INPUT →

lemma funpow_Rop_subset_Dop:
  assumes "(-) 1 ` X \<subseteq> X"
  shows "(Rop ^^ n) X \<union> (-) 1 ` (Rop ^^ n) X \<subseteq> (Dop ^^ (2 * n)) (X::'a set)"
proof (induction n)
  case 0
  then show ?case using assms by simp
next
  case (Suc n)
  have "(Dop ^^ (2 * Suc n)) X = Dop (Dop ((Dop ^^ (2 * n)) X))"
    by simp
  then show ?case
    using Rop_subset_Dop_Dop[OF Suc.IH] by simp
qed

lemma funpow_Dop_subset_Vop_Iop:
  assumes "0 \<in> X" "1 \<in> X"
  shows "(Dop ^^ n) X \<subseteq> Vop (2 ^ 2 ^ n) (Iop (2 ^ n) (X::'a set))"
proof (induction n)
  case 0
  show ?case
    using Vop_Iop_mono[of X 1 1 1 2, unfolded Iop_one Vop_one] assms by (simp add: Iop_one[simplified])
next
  case (Suc n)
  have "2 \<le> (2::nat) ^ 2 ^ n"
    using power_increasing[of 1 "2 ^ n" "2::nat"] by simp
  have "(Dop ^^ Suc n) X \<subseteq> Dop (Vop (2 ^ 2 ^ n) (Iop (2 ^ n) X))"
    using Dop_mono[OF Suc.IH] by simp
  also have "\<dots> \<subseteq> Vop (2 ^ 2 ^ n * 2 ^ 2 ^ n) (Iop (2 * 2 ^ n) X)"
    using Dop_Vop_Iop_subset[OF assms] \<open>2 \<le> 2 ^ 2 ^ n\<close> by simp
  also have "\<dots> = Vop (2 ^ 2 ^ Suc n) (Iop (2 ^ Suc n) X)"
    by (simp add: mult_2 power_add)
  finally show ?case .
qed

end

theorem mainTheorem7:
  fixes X :: "'a::ring_1 set"
  assumes idem: "\<forall>x::'a. x * x = x"
    and compl: "\<forall>x\<in>X. 1 - x \<in> X"
    and zero: "0 \<in> X"
  shows "\<forall>n::nat. (Rop ^^ n) X \<subseteq> (Dop ^^ (2 * n)) X
            \<and> (Dop ^^ n) X \<subseteq> Vop (2 ^ (2 ^ n)) (Iop (2 ^ n) X)"
proof -
  have boolean: "\<And>x::'a. x * x = x"
    using idem by blast
  have "(-) 1 ` X \<subseteq> X" and "1 \<in> X"
    using compl zero by force+
  then show ?thesis
    using funpow_Rop_subset_Dop[OF boolean] funpow_Dop_subset_Vop_Iop[OF boolean zero] by blast
qed

end
text \<open>Absolutely continuous part of the density of the GCP-driven telegraph process
  (without resets) at time s, i.e. the indicator term of p(x,s|v_j); it does not depend on v_j.\<close>
definition p_ac :: "real \<Rightarrow> real \<Rightarrow> real \<Rightarrow> real \<Rightarrow> real \<Rightarrow> real" where
  "p_ac lam v1 v2 x s =
     (if v2 * s < x \<and> x < v1 * s then lam / ((v1 - v2) * (1 + lam * s)) else 0)"

text \<open>The contribution of the singular (Dirac) part of p(x,s|v) to the reset integral:
  the value of  \<integral>_0^t e^{-\<xi> s} \<delta>(x - v s) / (1 + lam s) ds,
  obtained from the defining property of the Dirac delta (root s = x/v, factor 1/|v|).\<close>
definition delta_int :: "real \<Rightarrow> real \<Rightarrow> real \<Rightarrow> real \<Rightarrow> real \<Rightarrow> real" where
  "delta_int xi lam v x t =
     (if v \<noteq> 0 \<and> 0 < x / v \<and> x / v < t
      then exp (- xi * (x / v)) / (\<bar>v\<bar> * (1 + lam * (x / v))) else 0)"

text \<open>Generalized density p~(x,t|v_j) evaluated at a point x with x \<noteq> v_j t
  (so the atom e^{-\<xi> t} \<delta>(x - v_j t)/(1+lam t) contributes nothing):
  p~(x,t|v) = e^{-\<xi> t} p(x,t|v) + \<xi> \<integral>_0^t e^{-\<xi> s} p(x,s|v) ds.\<close>
definition tilde_p_cond :: "real \<Rightarrow> real \<Rightarrow> real \<Rightarrow> real \<Rightarrow> real \<Rightarrow> real \<Rightarrow> real \<Rightarrow> real" where
  "tilde_p_cond xi lam v1 v2 v x t =
     exp (- xi * t) * p_ac lam v1 v2 x t
     + xi * (integral {0..t} (\<lambda>s. exp (- xi * s) * p_ac lam v1 v2 x s) + delta_int xi lam v x t)"
text \<open>Rooted maps have no nontrivial automorphisms: a relabelling that fixes the root and
  commutes with \<open>\<sigma>\<close> and \<open>\<alpha>\<close> fixes every flag reachable from the root.\<close>

lemma inj_on_relabel:
  assumes "is_map B \<sigma> \<alpha>" "r \<in> B"
  shows "inj_on (\<lambda>\<phi>. relabel \<phi> (\<sigma>, \<alpha>, r)) {\<phi>. \<phi> permutes B}"
proof (rule inj_onI)
  fix \<phi>1 \<phi>2 assume "\<phi>1 \<in> {\<phi>. \<phi> permutes B}" "\<phi>2 \<in> {\<phi>. \<phi> permutes B}"
    and eq: "relabel \<phi>1 (\<sigma>, \<alpha>, r) = relabel \<phi>2 (\<sigma>, \<alpha>, r)"
  then have \<phi>: "\<phi>1 permutes B" "\<phi>2 permutes B" by simp_all
  let ?\<sigma>' = "\<phi>1 \<circ> \<sigma> \<circ> inv \<phi>1" and ?\<alpha>' = "\<phi>1 \<circ> \<alpha> \<circ> inv \<phi>1"
  have \<sigma>: "\<sigma> permutes B" and conn: "\<forall>y\<in>B. (r, y) \<in> (map_rel B \<sigma> \<alpha>)\<^sup>*"
    using assms by (auto simp: is_map_iff)
  have conj_eq: "?\<sigma>' = \<phi>2 \<circ> \<sigma> \<circ> inv \<phi>2" "?\<alpha>' = \<phi>2 \<circ> \<alpha> \<circ> inv \<phi>2" "\<phi>1 r = \<phi>2 r"
    using eq by (simp_all add: relabel_def)
  have intertwines1: "\<phi>1 (\<sigma> b) = ?\<sigma>' (\<phi>1 b)" "\<phi>1 (\<alpha> b) = ?\<alpha>' (\<phi>1 b)" for b
    by (simp_all add: permutes_inverses[OF \<phi>(1)])
  have intertwines2: "\<phi>2 (\<sigma> b) = ?\<sigma>' (\<phi>2 b)" "\<phi>2 (\<alpha> b) = ?\<alpha>' (\<phi>2 b)" for b
    unfolding conj_eq by (simp_all add: permutes_inverses[OF \<phi>(2)])
  have inj: "inj ?\<sigma>'"
    by (rule permutes_inj[OF permutes_compose[OF permutes_inv[OF \<phi>(1)] permutes_compose[OF \<sigma> \<phi>(1)]]])
  have "\<phi>1 y = \<phi>2 y" if "(r, y) \<in> (map_rel B \<sigma> \<alpha>)\<^sup>*" for y
    using that
  proof (induction rule: rtrancl_induct)
    case base
    then show ?case by (rule conj_eq(3))
  next
    case (step y z)
    then consider "z = \<sigma> y" | "\<sigma> z = y" | "z = \<alpha> y"
      using permutes_inverses(1)[OF \<sigma>] by (auto simp: map_rel_def)
    then show ?case
    proof cases
      case 2
      then have "?\<sigma>' (\<phi>1 z) = ?\<sigma>' (\<phi>2 z)" using step.IH intertwines1(1) intertwines2(1) by metis
      then show ?thesis by (rule injD[OF inj])
    qed (metis step.IH intertwines1 intertwines2)+
  qed
  then show "\<phi>1 = \<phi>2"
    using conn assms(2) permutes_not_in[OF \<phi>(1)] permutes_not_in[OF \<phi>(2)] by (metis ext)
qed
lemma Aut_interval_in_Aut:
  assumes J: "chain_interval S r J" and k: "k \<in> Aut J (restrict_rel r J)"
  shows "k \<in> Aut S r"
proof -
  interpret J: chain J "restrict_rel r J"
    using chain_restrict J unfolding chain_interval_def by blast
  have JS: "J \<subseteq> S" using J unfolding chain_interval_def by blast
  have k_out: "k x = x" if "x \<notin> J" for x using J.Aut_fixes_outside[OF k that] .
  show ?thesis
  proof (rule AutI)
    show "k x \<in> S" if "x \<in> S" for x
      using that JS J.Aut_in_carrier[OF k] k_out by (cases "x \<in> J") auto
    show "\<exists>x\<in>S. k x = y" if "y \<in> S" for y
    proof (cases "y \<in> J")
      case True
      then show ?thesis using JS J.Aut_image[OF k] by (metis imageE subsetD)
    qed (use that k_out in auto)
    show "k x = x" if "x \<notin> S" for x using that JS k_out by blast
    show "order_lt r (k x) (k y)" if "x \<in> S" "y \<in> S" "order_lt r x y" for x y
    proof (cases "x \<in> J"; cases "y \<in> J")
      assume "x \<in> J" "y \<in> J"
      then show ?thesis
        using that J.Aut_less_iff[OF k] J.Aut_in_carrier[OF k] restrict_rel_less_iff by metis
    next
      assume "x \<in> J" "y \<notin> J"
      then show ?thesis
        using that k_out J.Aut_in_carrier[OF k] chain_interval_less_outside[OF J] by metis
    next
      assume "x \<notin> J" "y \<in> J"
      then show ?thesis
        using that k_out J.Aut_in_carrier[OF k] chain_interval_greater_outside[OF J] by metis
    qed (use that k_out in simp)
  qed
qed

lemma id_outside_in_Aut:
  assumes "J \<subseteq> S" and g: "g \<in> Aut S r" and "g ` J = J"
  shows "id_outside J g \<in> Aut J (restrict_rel r J)"
proof -
  interpret J: chain J "restrict_rel r J" using chain_restrict assms(1) .
  show ?thesis
  proof (rule J.AutI)
    show "order_lt (restrict_rel r J) (id_outside J g x) (id_outside J g y)"
      if "x \<in> J" "y \<in> J" "order_lt (restrict_rel r J) x y" for x y
    proof -
      have "x \<in> S" "y \<in> S" "g x \<in> J" "g y \<in> J" using that assms by auto
      then show ?thesis
        using that Aut_less_iff[OF g] restrict_rel_less_iff[of x J y r]
          restrict_rel_less_iff[of "g x" J "g y" r]
        unfolding id_outside_def by simp
    qed
    show "\<exists>x\<in>J. id_outside J g x = y" if "y \<in> J" for y
    proof -
      have "y \<in> g ` J" using that assms(3) by simp
      then obtain x where "x \<in> J" "g x = y" by blast
      then show ?thesis unfolding id_outside_def by auto
    qed
  qed (use assms in \<open>auto simp: id_outside_def\<close>)
qed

EXERCISE → Each line of the material with the word "zero" in it should be listed.

RESPONSE FOR THIS EXERCISE →
    and zero: "0 \<in> X"
    using compl zero by force+
    using funpow_Rop_subset_Dop[OF boolean] funpow_Dop_subset_Vop_Iop[OF boolean zero] by blast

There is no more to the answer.